MARCEA CRAWFORD’S MURALS are visible from Union Street on the side of the library. She will install a third before the Moxie Festival begins Friday. CHRIS QUATTRUCCI / THE TIMES RECORD

MARCEA CRAWFORD’S MURALS are visible from Union Street on the side of the library. She will install a third before the Moxie Festival begins Friday. CHRIS QUATTRUCCI / THE TIMES RECORD

“It gives us an opportunity to give kids an introduction to art,” she said. “There may be kids in Lisbon who don’t have the ability to go to the Museum of Fine Arts in Boston or the Guggenheim in New York.”

Crawford’s various works have included plaster sculptures, painting, printmaking and charcoal plaster drawing. She created her latest project using alcohol-based markers to design the murals, and she’s been recently inspired by temporary public art.

“I’m kind of addicted to this right now,” said Crawford. “It’s less pressure to hang something that’s temporary. It works for me, I guess I don’t have to worry about making everything perfect.”

Those passing by on Union Street, however, would be hard-pressed to find an imperfection in the murals. Crawford did notice a small portion of the mural starting to peel as she looked over her work, but said it was an easy fix.

The already installed murals incorporate the art nouveau and cubism movement; the third will be an example of pop art. Prior to the festival, Crawford hopes to add a paragraph about each movement to further her idea of giving the community a museum-like experience.

When it comes to the art itself, the vibrant colors bounce off the brick canvas.

“It’s not something we’ve ever had,” said library Director Diane Nadeau. “Our patrons are really enjoying walking up the new sidewalk and seeing them.”

Some day Crawford would like to implement ideas for combining sculpture and murals, but for now she has reached one of her goals with the Moxie project.

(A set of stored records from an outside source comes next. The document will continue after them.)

(* Let $t$ be a record with versions $t'_1,\dots,t'_I$ and let $G'$ be its feasible sub-SUG, with layers $V'_1,\dots,V'_I$. This holds regardless of how the releases were generalized. For every $1\le i\le I$, the disclosure risk of $t'_i$ equals $1$ if and only if $|V'_i|=1$.
   Context: Data model. A microdata table is published repeatedly. Its records carry an identifier, quasi-identifier (QI) attributes and a sensitive attribute $S$ with a finite domain $\mathrm{dom}(S)$. Each published (generalized) table partitions its records, possibly including counterfeit records, into QI-groups. If a record $t$ appears in a release, its candidate sensitive set in that release is the set of sensitive values occurring in its QI-group; this set contains $t$'s actual sensitive value. The versions of $t$ are its records in the successive releases in which it appears, listed in order: $t'_1,\dots,t'_I$, with candidate sensitive sets $C_1,\dots,C_I$. Internal updates are governed by a publicly known transition probability $P_{trans}(a,b)\ge 0$ for $a,b\in\mathrm{dom}(S)$. Actual updates are feasible: $P_{trans}(t'_i[S],t'_{i+1}[S])>0$ for every $i$. Sensitive attribute update graph (SUG). The SUG of $t$ has, for each $i=1,\dots,I$, a layer $V_i=\{v_{i,s}: s\in C_i\}$ with one node per value of $C_i$. Each node has a weight $w(v_{i,s})>0$, its linking probability, and the weights in each layer sum to $1$; under the random-world assumption $w(v_{i,s})=1/|C_i|$. There is a directed edge $(v_{i,s},v_{i+1,s'})$ exactly when $P_{trans}(s,s')>0$, and its weight is $P_{trans}(s,s')$. Feasible sub-SUG. Obtain it from the SUG by repeatedly deleting a node, together with its incident edges, until no node can be deleted. A node is deleted if any of the following holds: it lies in $V_1$ and has no outgoing edge; it lies in $V_I$ and has no incoming edge; it lies in $V_i$ with $1<i<I$ and lacks an incoming edge or lacks an outgoing edge. When $I=1$, no node is deleted. Denote the remaining layers by $V'_i$. Disclosure risk. A feasible path is a path $p=(v'_{1,x_1},\dots,v'_{I,x_I})$ through the feasible sub-SUG with one node in each layer, where consecutive nodes are joined by edges. Its weight is $w(p)=w(v'_{I,x_I})\prod_{i=1}^{I-1} w(v'_{i,x_i})\,w(v'_{i,x_i},v'_{i+1,x_{i+1}})$. The disclosure risk of version $t'_i$ is the total weight of the feasible paths passing through the node of $V'_i$ that represents $t'_i[S]$, divided by the total weight of all feasible paths. *)

theory Defs
  imports Complex_Main
begin
(* Let $R=k\{x_1,\ldots,x_n;\,Q,\preceq\}$ be a PBW algebra and use TOP on both $R^s$ (built from $\preceq$) and $(R^{\rm env})^s$ (built from the chosen order on $\mathbb{N}^{2n}$), or POT on both. (a) If the order on $R^{\rm env}$ is $\preceq^*$ or $\preceq^c$ and $\mathbf h\in(R^{\rm env})^s$ satisfies $\exp(\mathbf h)=((\alpha,0),i)\in\mathbb{N}^{2n,(s)}$, then $\mathbf h\notin\mathrm{Ker}(\mathfrak m^s)$ and $\exp(\mathfrak m^s(\mathbf h))=(\alpha,i)$. (b) If the order on $R^{\rm env}$ is $\preceq_*$ or $\preceq_c$ and $\exp(\mathbf h)=((0,\alpha),i)$, then $\mathbf h\notin\mathrm{Ker}(\mathfrak m^s)$ and $\exp(\mathfrak m^s(\mathbf h))=(\alpha^{\rm op},i)$.
   Context: $k$ is a field; $x^\alpha=x_1^{\alpha_1}\cdots x_n^{\alpha_n}$. A PBW algebra $R=k\{x_1,\ldots,x_n;Q,\preceq\}$ is a quotient of $k\langle x_1,\ldots,x_n\rangle$ by the two-sided ideal generated by $Q=\{x_jx_i-q_{ji}x_ix_j-p_{ji};\,i<j\}$, $q_{ji}\in k^*$, each $p_{ji}$ a combination of standard monomials with exponents $\prec\epsilon_i+\epsilon_j$ for an admissible order $\preceq$ (total, compatible with addition, $0$ minimal), such that the standard monomials form a $k$-basis. $R^{\rm env}=R\otimes_kR^{\rm op}$ is regarded as the PBW algebra in the variables $x_1\otimes1,\ldots,x_n\otimes1,1\otimes x_n,\ldots,1\otimes x_1$ (in this order); the exponent $(\alpha,\beta)\in\mathbb N^{2n}$ corresponds to the monomial $x^\alpha\otimes x^{\beta^{\rm op}}$, where $\beta^{\rm op}=(\beta_n,\ldots,\beta_1)$. Let $\alpha\preceq^{\rm op}\beta$ iff $\alpha^{\rm op}\preceq\beta^{\rm op}$. Orders on $\mathbb N^{2n}$: $(\alpha,\beta)\prec^*(\gamma,\delta)$ iff $\beta\prec^{\rm op}\delta$, or $\beta=\delta$ and $\alpha\prec\gamma$; $(\alpha,\beta)\prec_*(\gamma,\delta)$ iff $\alpha\prec\gamma$, or $\alpha=\gamma$ and $\beta\prec^{\rm op}\delta$; $(\alpha,\beta)\prec^c(\gamma,\delta)$ iff $\alpha+\beta^{\rm op}\prec\gamma+\delta^{\rm op}$, or equality and $\beta^{\rm op}\prec\delta^{\rm op}$; $(\alpha,\beta)\prec_c(\gamma,\delta)$ iff $\alpha+\beta^{\rm op}\prec\gamma+\delta^{\rm op}$, or equality and $\alpha\prec\gamma$. For an admissible order $\le$ on $\mathbb N^m$, $\mathbb N^{m,(s)}=\mathbb N^m\times\{1,\ldots,s\}$ carries TOP: $(\alpha,i)<(\beta,j)$ iff $\alpha<\beta$, or $\alpha=\beta$ and $i>j$; and POT: $(\alpha,i)<(\beta,j)$ iff $i>j$, or $i=j$ and $\alpha<\beta$. A nonzero element of $A^s$ ($A=R$ or $R^{\rm env}$, basis $\mathbf e_i$) is uniquely $\sum c_{(\alpha,i)}x^\alpha\mathbf e_i$, and $\exp$ is the largest $(\alpha,i)$ with $c_{(\alpha,i)}\ne0$. $\mathfrak m^s:(R^{\rm env})^s\to R^s$ applies $\mathfrak m(r\otimes r')=rr'$ coordinatewise. *)

theory Defs
  imports Complex_Main "HOL-Library.Function_Algebras"
begin

(* Exponents in N^n: functions nat => nat vanishing at indices >= n
   (index i stands for variable x_(i+1)). *)
definition expset :: "nat \<Rightarrow> (nat \<Rightarrow> nat) set" where
  "expset n = {\<alpha>. \<forall>i\<ge>n. \<alpha> i = 0}"

definition unitv :: "nat \<Rightarrow> nat \<Rightarrow> nat" where
  "unitv i = (\<lambda>j. if j = i then 1 else 0)"

definition opx :: "nat \<Rightarrow> (nat \<Rightarrow> nat) \<Rightarrow> (nat \<Rightarrow> nat)" where
  "opx n \<alpha> = (\<lambda>i. if i < n then \<alpha> (n - 1 - i) else 0)"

“I had done a mural last June with UMA students in Augusta,” she said. “We had designed wheat-paste murals and had a place for them, but it fell through so I just really wanted to do that. I love that it’s temporary. It’s just kind of a fun thing.”

When the town manager approached her with the idea, Nadeau said she was happy to display the local work.

Crawford poured her energy into the mural project all while working toward a bachelor’s degree at UMaine-Augusta; she already has an associate’s degree in graphic design.

The murals took about eight to 10 hours each to create the colorful creations, plus another four hours to print them. Crawford said it took her about an hour to place the first two murals on the side of the building.

When they’re ready to come down, however, there won’t be much cleanup needed.

“They will deteriorate, they’ll start peeling,” said Crawford. “It will come off like wallpaper, but it won’t damage anything underneath. The paste is just boiling water, flour, and a little bit of sugar.”

The inaugural art walk will take place Saturday, providing an opportunity for local artists to display and sell their art. Crawford said organizing the first-time event had its challenges, including a lower turnout than hoped.

“I think the people that are going to be there are really talented and really awesome,” she said, “so it will spark interest for next year.”

The Moxie Festival will take place Friday through Sunday, with Saturday’s art walk running until 4 p.m. Crawford plans to have prints of the murals in the art area of the festival on Main Street.